Running Agents on Railway
The way companies use LLMs has rapidly shifted from chat-based interfaces like ChatGPT to agents that can autonomously complete open-ended tasks. Agents iteratively call LLMs and use tools to write code, prepare reports, send emails, and take action in other connected systems.
In addition to human developers using agents like Claude Code synchronously on their laptops, AI-enabled practitioners are increasingly cutting the human out of the loop entirely, handing more work over to always-on, autonomous agents in the cloud. These agents have a few special infrastructure requirements when moving to the cloud, and Railway is the simplest way to deploy, serve, and monitor them at scale.
- Persistent, always-on process. Agents need to be continuously on and listening for work. Production agents doing real work can take several minutes to iterate and respond, so traditional serverless functions with aggressive timeouts are not a good fit. Railway runs long-lived services that stay up between requests. Historically, Railway's service infrastructure sits at 99.96% uptime.

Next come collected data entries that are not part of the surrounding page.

(* Let $p,q\in[1,\infty)$. Without assuming the Objectivity Assumption, the $L(p,q)$-aggregation method satisfies Consensus with score vectors: for every data set and every paper $a$, if all reviewers give $a$ the same recommendation $y$ ($y_{ia}=y$ for all $i$) and the same score vector ($\bar x_{ia}=\bar x_a$ for all $i$), then $s_a=y$.
   Context: Peer-review setting: a finite set $\mathcal{R}$ of reviewers, a finite set $\mathcal{P}$ of papers, and $d\ge1$ criteria. Every reviewer $i$ reviews every paper $a$, giving a score vector $\bar{x}_{ia}\in[0,10]^d$ and a recommendation $y_{ia}\in[0,10]$. A function $h:[0,10]^d\to[0,10]$ is monotonic if $\bar x\le\bar y$ componentwise implies $h(\bar x)\le h(\bar y)$. Standing assumption: each reviewer $i$ has a monotonic $h_i$ with $y_{ia}=h_i(\bar x_{ia})$ for all $a$. Score vectors of different reviewers for the same paper may differ (no Objectivity Assumption). The $L(p,q)$-aggregation method: (1) ERM step: find a monotonic $\hat h$ minimizing $\big[\sum_{i\in\mathcal{R}}\big(\sum_{a\in\mathcal{P}}|y_{ia}-h(\bar x_{ia})|^p\big)^{q/p}\big]^{1/q}$ over monotonic $h$ (only the values $h(\bar x_{ia})$ matter); among minimizers the value vector $(\hat h(\bar x_{ia}))_{i,a}$ of smallest Euclidean norm is chosen; set $\hat y_{ia}=\hat h(\bar x_{ia})$. (2) Aggregation step: the solution $(s_a)_{a\in\mathcal P}$ minimizes $\big[\sum_{i}\big(\sum_{a}|\hat y_{ia}-s_a|^p\big)^{q/p}\big]^{1/q}$ (ties broken by smallest Euclidean norm). *)

theory Defs
  imports Complex_Main
begin

text \<open>Score vectors are functions from a finite index type 'd of criteria to the reals;
  the order on them is the pointwise (componentwise) order.\<close>

definition score_box :: "('d::finite \<Rightarrow> real) set" where
  "score_box = {v. \<forall>k. 0 \<le> v k \<and> v k \<le> 10}"

definition monotonic :: "(('d::finite \<Rightarrow> real) \<Rightarrow> real) \<Rightarrow> bool" where
  "monotonic h \<longleftrightarrow>
     (\<forall>v\<in>score_box. 0 \<le> h v \<and> h v \<le> 10) \<and>
     (\<forall>u\<in>score_box. \<forall>v\<in>score_box. u \<le> v \<longrightarrow> h u \<le> h v)"

definition Lpq_loss :: "real \<Rightarrow> real \<Rightarrow> 'r set \<Rightarrow> 'p set \<Rightarrow>
    ('r \<Rightarrow> 'p \<Rightarrow> real) \<Rightarrow> ('r \<Rightarrow> 'p \<Rightarrow> real) \<Rightarrow> real" where
  "Lpq_loss p q R P y v =
     (\<Sum>i\<in>R. (\<Sum>a\<in>P. \<bar>y i a - v i a\<bar> powr p) powr (q / p)) powr (1 / q)"

definition mono_values :: "'r set \<Rightarrow> 'p set \<Rightarrow> ('r \<Rightarrow> 'p \<Rightarrow> ('d::finite \<Rightarrow> real))
    \<Rightarrow> ('r \<Rightarrow> 'p \<Rightarrow> real) set" where
  "mono_values R P x =
     {v. \<exists>h. monotonic h \<and> (\<forall>i\<in>R. \<forall>a\<in>P. v i a = h (x i a))}"

definition val_norm :: "'r set \<Rightarrow> 'p set \<Rightarrow> ('r \<Rightarrow> 'p \<Rightarrow> real) \<Rightarrow> real" where
  "val_norm R P v = sqrt (\<Sum>(i,a)\<in>R \<times> P. (v i a)\<^sup>2)"

definition vec_norm :: "'p set \<Rightarrow> ('p \<Rightarrow> real) \<Rightarrow> real" where
  "vec_norm P s = sqrt (\<Sum>a\<in>P. (s a)\<^sup>2)"

definition is_erm_output :: "real \<Rightarrow> real \<Rightarrow> 'r set \<Rightarrow> 'p set \<Rightarrow>
    ('r \<Rightarrow> 'p \<Rightarrow> ('d::finite \<Rightarrow> real)) \<Rightarrow> ('r \<Rightarrow> 'p \<Rightarrow> real) \<Rightarrow>
    ('r \<Rightarrow> 'p \<Rightarrow> real) \<Rightarrow> bool" where
  "is_erm_output p q R P x y yhat \<longleftrightarrow>
     yhat \<in> mono_values R P x \<and>
     (\<forall>v\<in>mono_values R P x. Lpq_loss p q R P y yhat \<le> Lpq_loss p q R P y v) \<and>
     (\<forall>v\<in>mono_values R P x. Lpq_loss p q R P y v = Lpq_loss p q R P y yhat
         \<longrightarrow> val_norm R P yhat \<le> val_norm R P v)"

definition is_agg_output :: "real \<Rightarrow> real \<Rightarrow> 'r set \<Rightarrow> 'p set \<Rightarrow>
    ('r \<Rightarrow> 'p \<Rightarrow> real) \<Rightarrow> ('p \<Rightarrow> real) \<Rightarrow> bool" where
  "is_agg_output p q R P yhat s \<longleftrightarrow>
     (\<forall>t. Lpq_loss p q R P yhat (\<lambda>i a. s a) \<le> Lpq_loss p q R P yhat (\<lambda>i a. t a)) \<and>
     (\<forall>t. Lpq_loss p q R P yhat (\<lambda>i a. t a) = Lpq_loss p q R P yhat (\<lambda>i a. s a)
         \<longrightarrow> vec_norm P s \<le> vec_norm P t)"

definition is_Lpq_output :: "real \<Rightarrow> real \<Rightarrow> 'r set \<Rightarrow> 'p set \<Rightarrow>
    ('r \<Rightarrow> 'p \<Rightarrow> ('d::finite \<Rightarrow> real)) \<Rightarrow> ('r \<Rightarrow> 'p \<Rightarrow> real) \<Rightarrow> ('p \<Rightarrow> real) \<Rightarrow> bool" where
  "is_Lpq_output p q R P x y s \<longleftrightarrow>
     (\<exists>yhat. is_erm_output p q R P x y yhat \<and> is_agg_output p q R P yhat s)"

end

theory Submission
  imports Defs
begin

text \<open>If the ERM fit h had h x \<noteq> y at the consensus paper, clamp h to y at x: raise it
  to at least y above x and lower it to at most y below x. This is still monotonic, and
  since each reviewer's own monotonic function sends score vectors above (below) x to
  recommendations at least (at most) y, clamping moves every fitted value weakly towards
  the data and the one at the consensus paper strictly, contradicting minimality of the
  loss. So all fitted values at that paper equal y, and then moving s a to y would
  strictly decrease the aggregation loss unless s a = y.\<close>

lemma Lpq_loss_strict_mono:
  fixes y v w :: "'r \<Rightarrow> 'p \<Rightarrow> real"
  assumes "finite R" "finite P" "0 < p" "0 < q" "i0 \<in> R" "a \<in> P"
    and le: "\<forall>i\<in>R. \<forall>b\<in>P. \<bar>y i b - v i b\<bar> \<le> \<bar>y i b - w i b\<bar>"
    and less: "\<bar>y i0 a - v i0 a\<bar> < \<bar>y i0 a - w i0 a\<bar>"
  shows "Lpq_loss p q R P y v < Lpq_loss p q R P y w"
proof -
  have row_le: "(\<Sum>b\<in>P. \<bar>y i b - v i b\<bar> powr p) \<le> (\<Sum>b\<in>P. \<bar>y i b - w i b\<bar> powr p)"
    if "i \<in> R" for i
    using le that \<open>0 < p\<close> by (intro sum_mono powr_mono2) auto
  have row_less: "(\<Sum>b\<in>P. \<bar>y i0 b - v i0 b\<bar> powr p) < (\<Sum>b\<in>P. \<bar>y i0 b - w i0 b\<bar> powr p)"
    using le less assms(2,3,5,6)
    by (intro sum_strict_mono_ex1) (auto intro!: bexI[of _ a] powr_mono2 powr_less_mono2)
  have "(\<Sum>i\<in>R. (\<Sum>b\<in>P. \<bar>y i b - v i b\<bar> powr p) powr (q/p))
      < (\<Sum>i\<in>R. (\<Sum>b\<in>P. \<bar>y i b - w i b\<bar> powr p) powr (q/p))"
    using row_le row_less assms(1,3,4,5)
    by (intro sum_strict_mono_ex1) (auto intro!: bexI[of _ i0] powr_mono2 powr_less_mono2 sum_nonneg)
  then show ?thesis
    unfolding Lpq_loss_def using \<open>0 < q\<close> by (auto intro!: powr_less_mono2 sum_nonneg)
qed

lemma monotonicD:
  assumes "monotonic h" "u \<in> score_box" "v \<in> score_box" "u \<le> v"
  shows "h u \<le> h v"
  using assms unfolding monotonic_def by blast

lemma monotonic_range:
  assumes "monotonic h" "v \<in> score_box"
  shows "0 \<le> h v" "h v \<le> 10"
  using assms unfolding monotonic_def by blast+

definition raise_above :: "'a::order \<Rightarrow> real \<Rightarrow> ('a \<Rightarrow> real) \<Rightarrow> 'a \<Rightarrow> real" where
  "raise_above x0 c h v = (if x0 \<le> v then max (h v) c else h v)"

definition lower_below :: "'a::order \<Rightarrow> real \<Rightarrow> ('a \<Rightarrow> real) \<Rightarrow> 'a \<Rightarrow> real" where
  "lower_below x0 c h v = (if v \<le> x0 then min (h v) c else h v)"

definition clamp_at :: "'a::order \<Rightarrow> real \<Rightarrow> ('a \<Rightarrow> real) \<Rightarrow> 'a \<Rightarrow> real" where
  "clamp_at x0 c h = lower_below x0 c (raise_above x0 c h)"

lemma monotonic_raise_above:
  assumes "monotonic h" "0 \<le> c" "c \<le> 10"
  shows "monotonic (raise_above x0 c h)"
  using assms order_trans[of x0] unfolding monotonic_def raise_above_def
  by (fastforce simp: le_max_iff_disj)

lemma monotonic_lower_below:
  assumes "monotonic h" "0 \<le> c" "c \<le> 10"
  shows "monotonic (lower_below x0 c h)"
  using assms order_trans[of _ _ x0] unfolding monotonic_def lower_below_def
  by (fastforce simp: min_le_iff_disj)

lemma monotonic_clamp_at:
  assumes "monotonic h" "0 \<le> c" "c \<le> 10"
  shows "monotonic (clamp_at x0 c h)"
  unfolding clamp_at_def using assms by (intro monotonic_lower_below monotonic_raise_above)

lemma clamp_at_self: "clamp_at x0 c h x0 = c"
  unfolding clamp_at_def lower_below_def raise_above_def by simp

lemma clamp_at_closer:
  fixes t :: real
  assumes "x0 \<le> v \<Longrightarrow> c \<le> t" "v \<le> x0 \<Longrightarrow> t \<le> c"
  shows "\<bar>t - clamp_at x0 c h v\<bar> \<le> \<bar>t - h v\<bar>"
  using assms unfolding clamp_at_def lower_below_def raise_above_def
  by (auto simp: max_def min_def abs_if)

lemma erm_output_at_consensus:
  fixes x :: "'r \<Rightarrow> 'p \<Rightarrow> ('d::finite \<Rightarrow> real)"
  assumes "0 < p" "0 < q" "finite R" "finite P" "a \<in> P"
    and scores: "\<forall>i\<in>R. \<forall>b\<in>P. x i b \<in> score_box"
    and reviewers: "\<forall>i\<in>R. \<exists>h. monotonic h \<and> (\<forall>b\<in>P. y i b = h (x i b))"
    and y_a: "\<forall>i\<in>R. y i a = ya" and x_a: "\<forall>i\<in>R. x i a = xa"
    and erm: "is_erm_output p q R P x y yhat"
    and "i0 \<in> R"
  shows "yhat i0 a = ya"
proof -
  obtain h where "monotonic h" and yhat: "\<forall>i\<in>R. \<forall>b\<in>P. yhat i b = h (x i b)"
    using erm unfolding is_erm_output_def mono_values_def by blast
  have xa_box: "xa \<in> score_box"
    using scores x_a \<open>i0 \<in> R\<close> \<open>a \<in> P\<close> by metis
  have consensus_order:
    "(xa \<le> x i b \<longrightarrow> ya \<le> y i b) \<and> (x i b \<le> xa \<longrightarrow> y i b \<le> ya)"
    if "i \<in> R" "b \<in> P" for i b
  proof -
    obtain g where "monotonic g" and g: "\<forall>b\<in>P. y i b = g (x i b)"
      using reviewers \<open>i \<in> R\<close> by blast
    then show ?thesis
      using monotonicD[of g] scores xa_box y_a x_a that \<open>a \<in> P\<close> by metis
  qed
  have ya_range: "0 \<le> ya" "ya \<le> 10"
  proof -
    obtain g where "monotonic g" and "\<forall>b\<in>P. y i0 b = g (x i0 b)"
      using reviewers \<open>i0 \<in> R\<close> by blast
    then show "0 \<le> ya" "ya \<le> 10"
      using monotonic_range[OF _ xa_box] y_a x_a \<open>i0 \<in> R\<close> \<open>a \<in> P\<close> by metis+
  qed
  define h' where "h' = clamp_at xa ya h"
  have "(\<lambda>i b. h' (x i b)) \<in> mono_values R P x"
    unfolding mono_values_def h'_def
    using monotonic_clamp_at[OF \<open>monotonic h\<close> ya_range] by blast
  then have not_better: "\<not> Lpq_loss p q R P y (\<lambda>i b. h' (x i b)) < Lpq_loss p q R P y yhat"
    using erm unfolding is_erm_output_def by (simp add: not_less)
  have "h xa = ya"
  proof (rule ccontr)
    assume "h xa \<noteq> ya"
    have "Lpq_loss p q R P y (\<lambda>i b. h' (x i b)) < Lpq_loss p q R P y yhat"
    proof (rule Lpq_loss_strict_mono[OF assms(3,4,1,2) \<open>i0 \<in> R\<close> \<open>a \<in> P\<close>])
      show "\<forall>i\<in>R. \<forall>b\<in>P. \<bar>y i b - h' (x i b)\<bar> \<le> \<bar>y i b - yhat i b\<bar>"
        using consensus_order yhat unfolding h'_def by (simp add: clamp_at_closer)
      show "\<bar>y i0 a - h' (x i0 a)\<bar> < \<bar>y i0 a - yhat i0 a\<bar>"
        using \<open>h xa \<noteq> ya\<close> yhat y_a x_a \<open>i0 \<in> R\<close> \<open>a \<in> P\<close>
        unfolding h'_def by (simp add: clamp_at_self)
    qed
    with not_better show False ..
  qed
  then show ?thesis
    using yhat x_a \<open>i0 \<in> R\<close> \<open>a \<in> P\<close> by simp
qed

lemma agg_output_at_consensus:
  assumes "0 < p" "0 < q" "finite R" "R \<noteq> {}" "finite P" "a \<in> P"
    and yhat_a: "\<forall>i\<in>R. yhat i a = c"
    and agg: "is_agg_output p q R P yhat s"
  shows "s a = c"
proof (rule ccontr)
  assume "s a \<noteq> c"
  obtain i0 where "i0 \<in> R" using \<open>R \<noteq> {}\<close> by blast
  have "Lpq_loss p q R P yhat (\<lambda>i b. (s(a := c)) b) < Lpq_loss p q R P yhat (\<lambda>i b. s b)"
    using yhat_a \<open>s a \<noteq> c\<close> \<open>i0 \<in> R\<close>
    by (intro Lpq_loss_strict_mono[OF assms(3,5,1,2) \<open>i0 \<in> R\<close> \<open>a \<in> P\<close>]) auto
  moreover have "Lpq_loss p q R P yhat (\<lambda>i b. s b) \<le> Lpq_loss p q R P yhat (\<lambda>i b. (s(a := c)) b)"
    using agg unfolding is_agg_output_def by blast
  ultimately show False by linarith
qed

theorem proposition4p2:
  fixes p q :: real
    and R :: "'r set" and P :: "'p set"
    and x :: "'r \<Rightarrow> 'p \<Rightarrow> ('d::finite \<Rightarrow> real)"
    and y :: "'r \<Rightarrow> 'p \<Rightarrow> real"
    and s :: "'p \<Rightarrow> real"
    and a :: 'p and xa :: "'d \<Rightarrow> real" and ya :: real
  assumes "1 \<le> p" and "1 \<le> q"
    and "finite R" and "R \<noteq> {}" and "finite P"
    and "\<forall>i\<in>R. \<forall>b\<in>P. x i b \<in> score_box"
    and "\<forall>i\<in>R. \<forall>b\<in>P. 0 \<le> y i b \<and> y i b \<le> 10"
    and "\<forall>i\<in>R. \<exists>h. monotonic h \<and> (\<forall>b\<in>P. y i b = h (x i b))"
    and "a \<in> P"
    and "\<forall>i\<in>R. y i a = ya" and "\<forall>i\<in>R. x i a = xa"
    and "is_Lpq_output p q R P x y s"
  shows "s a = ya"
proof -
  have "0 < p" "0 < q" using assms(1,2) by auto
  obtain yhat where erm: "is_erm_output p q R P x y yhat"
    and agg: "is_agg_output p q R P yhat s"
    using assms(12) unfolding is_Lpq_output_def by blast
  have "\<forall>i\<in>R. yhat i a = ya"
    using erm_output_at_consensus[OF \<open>0 < p\<close> \<open>0 < q\<close> assms(3,5,9,6,8,10,11) erm] by blast
  then show ?thesis
    using agg_output_at_consensus[OF \<open>0 < p\<close> \<open>0 < q\<close> assms(3,4,5,9) _ agg] by blast
qed

end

- Secure inbound access. Something has to tell your agent that work is ready. Railway can generate a public URL for every service at deploy time. You can swap in a custom domain or keep the generated one. Either way, webhooks from GitHub, Slack, and similar services have a stable address to target.
- Outbound access. Your agent needs to reach APIs, push to GitHub, send notifications, or call whatever it integrates with. Railway services have unrestricted outbound internet access by default. For agents that talk to each other within a project, Railway's private networking handles that over WireGuard-encrypted connections with no configuration needed.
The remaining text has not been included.